II. Le maintien justifié de l’hospitalisation complète
A. L’impossibilité du consentement et la nécessité des soins
Le juge fonde sa décision de maintien sur l’état actuel du patient, éclairé par l’avis motivé du 1er avril 2026. Il constate que « Monsieur [R] [K] présente des troubles mentaux rendant impossible son consentement aux soins ». Cet avis médical décrit une « décompensation psychotique », une « irritabilité », une « logorrhée » et une absence de critique des troubles, le patient « banalis[ant] ses agissements et ses situations de mise en danger ». Le juge retient que le patient ne verbalise pas d’idées suicidaires mais ne cesse de demander sa sortie, ce qui témoigne d’une absence d’adhésion aux soins. L’article L. 3211-2-1 du code de la santé publique impose que la mesure soit adaptée à l’état du patient. En l’espèce, l’impossibilité de recueillir un consentement éclairé justifie le maintien de la contrainte. Le juge s’appuie sur l’exigence médicale d’une « surveillance médicale constante » pour prolonger les thérapies.

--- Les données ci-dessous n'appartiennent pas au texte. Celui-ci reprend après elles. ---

(* Let $t\in\mathbb{N}$ and let $H$ be a graph with vertex set $A\cup T$ such that: (1) $|A|\ge 3t^2+t+1$; (2) $A$ is a clique in $H$; (3) $T=V(Q_1)\cup V(Q_2)\cup V(Q_3)$, where $Q_1,Q_2,Q_3$ are paths in $H$, each starting at a common vertex $w\notin A$ and ending in $A$, such that $Q_1-w$, $Q_2-w$, $Q_3-w$ are pairwise vertex-disjoint; (4) $\deg_H(w)=3$; (5) $|A\cap T|=3$, and the three vertices of $A\cap T$ are the endpoints $y_1,y_2,y_3$ of $Q_1,Q_2,Q_3$ different from $w$; (6) $H[V(Q_1)\cup V(Q_2)]$ is a chordless cycle; (7) $A\setminus T$ and $T\setminus A$ are anticomplete to each other. Then $H\xrightarrow{\cap} tS_{t,t,t}$.
   Context: All graphs are finite and simple. For graphs $G_1=(V_1,E_1)$, $G_2=(V_2,E_2)$, $G_1\cap G_2=(V_1\cap V_2, E_1\cap E_2)$. For a graph $G=(V,E)$ and an injective map $\alpha$ on $V$, $G^{\alpha}$ has vertex set $\alpha(V)$ and edge set $\{\{\alpha(v),\alpha(w)\}: \{v,w\}\in E\}$. We write $G\xrightarrow{\cap} H$ if $H$ is (isomorphic to) $G^{\alpha_1}\cap\cdots\cap G^{\alpha_k}$ for some $k\ge1$ and injective maps $\alpha_1,\dots,\alpha_k$ on $V(G)$. For integers $a,b,c\ge1$, $S_{a,b,c}$ is the tree consisting of a vertex of degree $3$ together with three pendant paths having $a$, $b$, $c$ edges respectively; $tS_{t,t,t}$ is the disjoint union of $t$ copies of $S_{t,t,t}$. Sets are anticomplete if no edge joins them. *)

theory Defs
  imports Main
begin

definition graph :: "'a set \<Rightarrow> 'a set set \<Rightarrow> bool" where
  "graph V E \<longleftrightarrow> finite V \<and> (\<forall>e\<in>E. \<exists>u v. e = {u, v} \<and> u \<noteq> v \<and> u \<in> V \<and> v \<in> V)"

definition graph_iso :: "'a set \<Rightarrow> 'a set set \<Rightarrow> 'b set \<Rightarrow> 'b set set \<Rightarrow> bool" where
  "graph_iso V E V' E' \<longleftrightarrow>
     (\<exists>f. bij_betw f V V' \<and> (\<forall>u\<in>V. \<forall>v\<in>V. {u, v} \<in> E \<longleftrightarrow> {f u, f v} \<in> E'))"

text \<open>G \<rightarrow>\<inter> H: H is isomorphic to an intersection of k >= 1 injective relabellings of G.
  The relabellings take values in nat (a countably infinite universe, sufficient for finite graphs).\<close>
definition int_reach :: "'a set \<Rightarrow> 'a set set \<Rightarrow> 'b set \<Rightarrow> 'b set set \<Rightarrow> bool" where
  "int_reach V E V' E' \<longleftrightarrow>
     (\<exists>k::nat. k \<ge> 1 \<and> (\<exists>\<alpha> :: nat \<Rightarrow> 'a \<Rightarrow> nat.
        (\<forall>i<k. inj_on (\<alpha> i) V) \<and>
        graph_iso V' E' (\<Inter>i<k. \<alpha> i ` V) (\<Inter>i<k. (\<lambda>e. \<alpha> i ` e) ` E)))"

text \<open>t S_{t,t,t}: copy c < t has centre (c,0,0) and legs j \<in> {1,2,3} with vertices (c,j,p), 1 <= p <= t.\<close>
definition tS_V :: "nat \<Rightarrow> (nat \<times> nat \<times> nat) set" where
  "tS_V t = {(c, 0, 0) | c. c < t} \<union> {(c, j, p) | c j p. c < t \<and> j \<in> {1,2,3} \<and> 1 \<le> p \<and> p \<le> t}"

definition tS_E :: "nat \<Rightarrow> (nat \<times> nat \<times> nat) set set" where
  "tS_E t = {{(c, 0, 0), (c, j, 1)} | c j. c < t \<and> j \<in> {1,2,3}}
          \<union> {{(c, j, p), (c, j, p + 1)} | c j p. c < t \<and> j \<in> {1,2,3} \<and> 1 \<le> p \<and> p < t}"

definition is_path :: "'a set set \<Rightarrow> 'a list \<Rightarrow> bool" where
  "is_path E P \<longleftrightarrow> P \<noteq> [] \<and> distinct P \<and> (\<forall>i. Suc i < length P \<longrightarrow> {P ! i, P ! Suc i} \<in> E)"

definition degree :: "'a set \<Rightarrow> 'a set set \<Rightarrow> 'a \<Rightarrow> nat" where
  "degree V E w = card {v \<in> V. {w, v} \<in> E}"

definition induced_edges :: "'a set set \<Rightarrow> 'a set \<Rightarrow> 'a set set" where
  "induced_edges E X = {e \<in> E. e \<subseteq> X}"

definition is_cycle :: "'a set \<Rightarrow> 'a set set \<Rightarrow> bool" where
  "is_cycle V E \<longleftrightarrow> (\<exists>vs. distinct vs \<and> length vs \<ge> 3 \<and> set vs = V \<and>
      E = {{vs ! i, vs ! ((i + 1) mod length vs)} | i. i < length vs})"

definition clique :: "'a set set \<Rightarrow> 'a set \<Rightarrow> bool" where
  "clique E A \<longleftrightarrow> (\<forall>x\<in>A. \<forall>y\<in>A. x \<noteq> y \<longrightarrow> {x, y} \<in> E)"

definition anticomplete :: "'a set set \<Rightarrow> 'a set \<Rightarrow> 'a set \<Rightarrow> bool" where
  "anticomplete E X Y \<longleftrightarrow> (\<forall>x\<in>X. \<forall>y\<in>Y. {x, y} \<notin> E)"

end

theory Submission
  imports Defs "HOL-Library.Nat_Bijection"
begin

text \<open>Every vertex s of tS_{t,t,t} gets its own injective homomorphism into H
  that sends s into T - A and every vertex outside a small "shadow" of s into the clique B = A - T:
  for a centre, its copy is laid along the three paths from w; for a leg vertex, the rest of its
  leg is laid along the path from y1 through w to y2, the vertex itself landing on the second
  vertex of that path. All remaining vertices fit injectively into B because |B| = |A| - 3, and
  edges leaving the laid-out part start in the clique A. Since B is anticomplete to T - A, any two
  non-adjacent vertices are separated by one of these homomorphisms, and relabelling H along all
  of them, with fresh labels off the images, yields tS_{t,t,t} as the intersection.\<close>

definition inj_graph_hom :: "'b set \<Rightarrow> 'b set set \<Rightarrow> 'a set \<Rightarrow> 'a set set \<Rightarrow> ('b \<Rightarrow> 'a) \<Rightarrow> bool" where
  "inj_graph_hom S F V E \<phi> \<longleftrightarrow>
     inj_on \<phi> S \<and> \<phi> ` S \<subseteq> V \<and> (\<forall>x\<in>S. \<forall>y\<in>S. {x, y} \<in> F \<longrightarrow> {\<phi> x, \<phi> y} \<in> E)"

lemma graph_singleton_notin: "graph V E \<Longrightarrow> {v} \<notin> E"
  unfolding graph_def by (force simp: doubleton_eq_iff)

text \<open>Vertices on the embedded copy \<open>\<phi> ` S\<close> get labels tagged 0, shared by all relabellings;
  every other vertex gets a label tagged with the index i of the relabelling.\<close>
definition relabel :: "('b \<Rightarrow> nat) \<Rightarrow> ('a \<Rightarrow> nat) \<Rightarrow> 'b set \<Rightarrow> ('b \<Rightarrow> 'a) \<Rightarrow> nat \<Rightarrow> 'a \<Rightarrow> nat" where
  "relabel cd enc S \<phi> i v = prod_encode
     (if v \<in> \<phi> ` S then (0, cd (the_inv_into S \<phi> v)) else (Suc i, enc v))"

lemma relabel_image: "inj_on \<phi> S \<Longrightarrow> x \<in> S \<Longrightarrow> relabel cd enc S \<phi> i (\<phi> x) = prod_encode (0, cd x)"
  by (simp add: relabel_def the_inv_into_f_f)

lemma inj_on_relabel:
  assumes "inj_on cd S" "inj_on enc V" "inj_on \<phi> S"
  shows "inj_on (relabel cd enc S \<phi> i) V"
proof (rule inj_onI)
  fix u v assume "u \<in> V" "v \<in> V" and eq: "relabel cd enc S \<phi> i u = relabel cd enc S \<phi> i v"
  consider "u \<in> \<phi> ` S" "v \<in> \<phi> ` S" | "u \<notin> \<phi> ` S" "v \<notin> \<phi> ` S"
    using eq by (auto simp: relabel_def split: if_splits)
  then show "u = v"
  proof cases
    case 1
    then obtain x y where "x \<in> S" "y \<in> S" "u = \<phi> x" "v = \<phi> y"
      by blast
    moreover have "cd x = cd y"
      using eq calculation by (simp add: relabel_image[OF assms(3)])
    ultimately show ?thesis
      using inj_onD[OF assms(1)] by blast
  next
    case 2
    then show ?thesis
      using eq inj_onD[OF assms(2)] \<open>u \<in> V\<close> \<open>v \<in> V\<close> by (simp add: relabel_def)
  qed
qed

lemma relabel_eq_relabel_other:
  assumes "relabel cd enc S \<phi> i u = relabel cd enc S \<psi> j v" "i \<noteq> j" "inj_on \<phi> S"
  shows "\<exists>x\<in>S. relabel cd enc S \<phi> i u = prod_encode (0, cd x)"
proof (cases "u \<in> \<phi> ` S")
  case True
  then show ?thesis
    using the_inv_into_into[OF assms(3) True order_refl] by (auto simp: relabel_def)
next
  case False
  then show ?thesis
    using assms(1,2) by (simp add: relabel_def split: if_splits)
qed

lemma relabellings_agreeing_on_embeddings:
  fixes \<phi> :: "nat \<Rightarrow> 'b \<Rightarrow> 'a"
  assumes "finite V" "finite S" "2 \<le> k"
    and emb: "\<forall>i<k. inj_on (\<phi> i) S \<and> \<phi> i ` S \<subseteq> V"
  obtains f :: "'b \<Rightarrow> nat" and \<alpha> :: "nat \<Rightarrow> 'a \<Rightarrow> nat"
  where "inj_on f S" "\<And>i. i < k \<Longrightarrow> inj_on (\<alpha> i) V"
    "\<And>i x. i < k \<Longrightarrow> x \<in> S \<Longrightarrow> \<alpha> i (\<phi> i x) = f x"
    "(\<Inter>i<k. \<alpha> i ` V) = f ` S"
proof -
  obtain enc :: "'a \<Rightarrow> nat" and n where enc: "inj_on enc V"
    using finite_imp_inj_to_nat_seg[OF \<open>finite V\<close>] by blast
  obtain cd :: "'b \<Rightarrow> nat" and m where cd: "inj_on cd S"
    using finite_imp_inj_to_nat_seg[OF \<open>finite S\<close>] by blast
  define f where "f x = prod_encode (0, cd x)" for x
  define \<alpha> where "\<alpha> i = relabel cd enc S (\<phi> i) i" for i
  have inj\<phi>: "inj_on (\<phi> i) S" and \<phi>_S: "\<phi> i ` S \<subseteq> V" if "i < k" for i
    using emb that by auto
  have \<alpha>_\<phi>: "\<alpha> i (\<phi> i x) = f x" if "i < k" "x \<in> S" for i x
    using relabel_image[OF inj\<phi>] that by (simp add: \<alpha>_def f_def)
  show ?thesis
  proof (rule that[of f \<alpha>])
    show "inj_on f S"
      using cd by (simp add: f_def inj_on_def)
    show "inj_on (\<alpha> i) V" if "i < k" for i
      unfolding \<alpha>_def by (rule inj_on_relabel[OF cd enc inj\<phi>[OF that]])
    show "\<alpha> i (\<phi> i x) = f x" if "i < k" "x \<in> S" for i x
      using that by (rule \<alpha>_\<phi>)
    show "(\<Inter>i<k. \<alpha> i ` V) = f ` S"
    proof
      show "f ` S \<subseteq> (\<Inter>i<k. \<alpha> i ` V)"
      proof (intro subsetI INT_I)
        fix n i assume "n \<in> f ` S" "i \<in> {..<k}"
        then obtain x where "x \<in> S" "n = \<alpha> i (\<phi> i x)"
          using \<alpha>_\<phi> by auto
        then show "n \<in> \<alpha> i ` V"
          using \<phi>_S \<open>i \<in> {..<k}\<close> by auto
      qed
      show "(\<Inter>i<k. \<alpha> i ` V) \<subseteq> f ` S"
      proof
        fix n assume "n \<in> (\<Inter>i<k. \<alpha> i ` V)"
        then have "n \<in> \<alpha> 0 ` V" "n \<in> \<alpha> 1 ` V"
          using \<open>2 \<le> k\<close> by auto
        then obtain u v where "\<alpha> 0 u = n" "\<alpha> 1 v = n"
          by (metis imageE)
        then show "n \<in> f ` S"
          using relabel_eq_relabel_other[of cd enc S "\<phi> 0" 0 u "\<phi> 1" 1 v] inj\<phi> \<open>2 \<le> k\<close>
          by (auto simp: \<alpha>_def f_def)
      qed
    qed
  qed
qed

lemma doubleton_in_INT_image_iff:
  assumes inj: "\<And>i. i < k \<Longrightarrow> inj_on (\<alpha> i) V" and "E \<subseteq> Pow V"
    and "\<And>i. i < k \<Longrightarrow> u i \<in> V \<and> v i \<in> V"
    and "\<And>i. i < k \<Longrightarrow> \<alpha> i (u i) = a \<and> \<alpha> i (v i) = b"
  shows "{a, b} \<in> (\<Inter>i<k. image (\<alpha> i) ` E) \<longleftrightarrow> (\<forall>i<k. {u i, v i} \<in> E)"
proof -
  have "{a, b} \<in> image (\<alpha> i) ` E \<longleftrightarrow> {u i, v i} \<in> E" if "i < k" for i
  proof -
    have image: "{a, b} = \<alpha> i ` {u i, v i}" and pow: "{u i, v i} \<in> Pow V"
      using assms(3,4) that by auto
    show ?thesis
      unfolding image by (rule inj_on_image_mem_iff[OF inj_on_image_Pow[OF inj[OF that]] pow \<open>E \<subseteq> Pow V\<close>])
  qed
  then show ?thesis
    by auto
qed

lemma int_reach_if_separating_homs:
  assumes G: "graph V E" and "finite S" and loopless: "\<And>x. {x} \<notin> F"
    and "finite \<Phi>" "\<Phi> \<noteq> {}" and homs: "\<And>\<phi>. \<phi> \<in> \<Phi> \<Longrightarrow> inj_graph_hom S F V E \<phi>"
    and separating: "\<And>x y. x \<in> S \<Longrightarrow> y \<in> S \<Longrightarrow> x \<noteq> y \<Longrightarrow> {x, y} \<notin> F \<Longrightarrow>
      \<exists>\<phi>\<in>\<Phi>. {\<phi> x, \<phi> y} \<notin> E"
  shows "int_reach V E S F"
proof -
  have "finite V" and "E \<subseteq> Pow V"
    using G unfolding graph_def by auto
  \<comment> \<open>Each embedding is listed twice so that at least two relabellings are intersected.\<close>
  obtain xs where "set xs = \<Phi>"
    using \<open>finite \<Phi>\<close> finite_list by blast
  define ps where "ps = xs @ xs"
  define k where "k = length ps"
  have set_ps: "set ps = \<Phi>" and "2 \<le> k"
    using \<open>set xs = \<Phi>\<close> \<open>\<Phi> \<noteq> {}\<close> by (auto simp: ps_def k_def) (cases xs; simp)
  have ps_hom: "\<forall>i<k. inj_graph_hom S F V E (ps ! i)"
    using homs nth_mem set_ps k_def by blast
  then have "\<forall>i<k. inj_on (ps ! i) S \<and> (ps ! i) ` S \<subseteq> V"
    unfolding inj_graph_hom_def by blast
  then obtain f :: "_ \<Rightarrow> nat" and \<alpha> where inj_f: "inj_on f S" and inj_\<alpha>: "\<And>i. i < k \<Longrightarrow> inj_on (\<alpha> i) V"
    and \<alpha>_ps: "\<And>i x. i < k \<Longrightarrow> x \<in> S \<Longrightarrow> \<alpha> i ((ps ! i) x) = f x"
    and vertices: "(\<Inter>i<k. \<alpha> i ` V) = f ` S"
    by (rule relabellings_agreeing_on_embeddings[OF \<open>finite V\<close> \<open>finite S\<close> \<open>2 \<le> k\<close>]) (rule that)
  have F_iff: "{x, y} \<in> F \<longleftrightarrow> (\<forall>\<phi>\<in>\<Phi>. {\<phi> x, \<phi> y} \<in> E)" if "x \<in> S" "y \<in> S" for x y
  proof (cases "x = y")
    case True
    then show ?thesis
      using loopless graph_singleton_notin[OF G] \<open>\<Phi> \<noteq> {}\<close> by auto
  next
    case False
    then show ?thesis
      using homs separating that unfolding inj_graph_hom_def by blast
  qed
  have edges: "{x, y} \<in> F \<longleftrightarrow> {f x, f y} \<in> (\<Inter>i<k. image (\<alpha> i) ` E)" if "x \<in> S" "y \<in> S" for x y
  proof -
    have "{f x, f y} \<in> (\<Inter>i<k. image (\<alpha> i) ` E) \<longleftrightarrow> (\<forall>i<k. {(ps ! i) x, (ps ! i) y} \<in> E)"
      using ps_hom \<alpha>_ps that unfolding inj_graph_hom_def
      by (intro doubleton_in_INT_image_iff[OF inj_\<alpha> \<open>E \<subseteq> Pow V\<close>]) auto
    also have "\<dots> \<longleftrightarrow> (\<forall>\<phi>\<in>\<Phi>. {\<phi> x, \<phi> y} \<in> E)"
      unfolding k_def set_ps[symmetric] by (rule all_set_conv_all_nth[symmetric])
    finally show ?thesis
      using F_iff[OF that] by simp
  qed
  have "graph_iso S F (\<Inter>i<k. \<alpha> i ` V) (\<Inter>i<k. image (\<alpha> i) ` E)"
    unfolding graph_iso_def vertices
  proof (intro exI conjI ballI)
    show "bij_betw f S (f ` S)"
      using inj_f by (simp add: bij_betw_def)
  qed (rule edges)
  then show ?thesis
    unfolding int_reach_def using \<open>2 \<le> k\<close> inj_\<alpha> by (intro exI[of _ k]) auto
qed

B. La proportionnalité de la mesure privative de liberté
Le juge apprécie également si l’hospitalisation complète reste proportionnée à l’état du patient. Il relève que l’avis médical précise que « l’hospitalisation complète sous contrainte est à maintenir pour la poursuite de l’évaluation et la mise en place d’une prise en charge adaptée ». Le comportement du patient en cours d’hospitalisation, notamment un « comportement sexuel déviant » ayant justifié un transfert, atteste de la persistance du trouble et de la nécessité d’un cadre sécurisé. Le patient invoque pour sa défense l’organisation d’une pose de bracelet électronique, mais le juge estime que cet élément n’est pas de nature à écarter le risque pour sa santé. La décision maintient donc la mesure la plus contraignante, l’hospitalisation complète, seule à même de garantir une surveillance constante. En cela, le juge exerce un contrôle de proportionnalité conforme aux exigences de la Convention européenne des droits de l’homme, qui impose que toute privation de liberté soit nécessaire et proportionnée.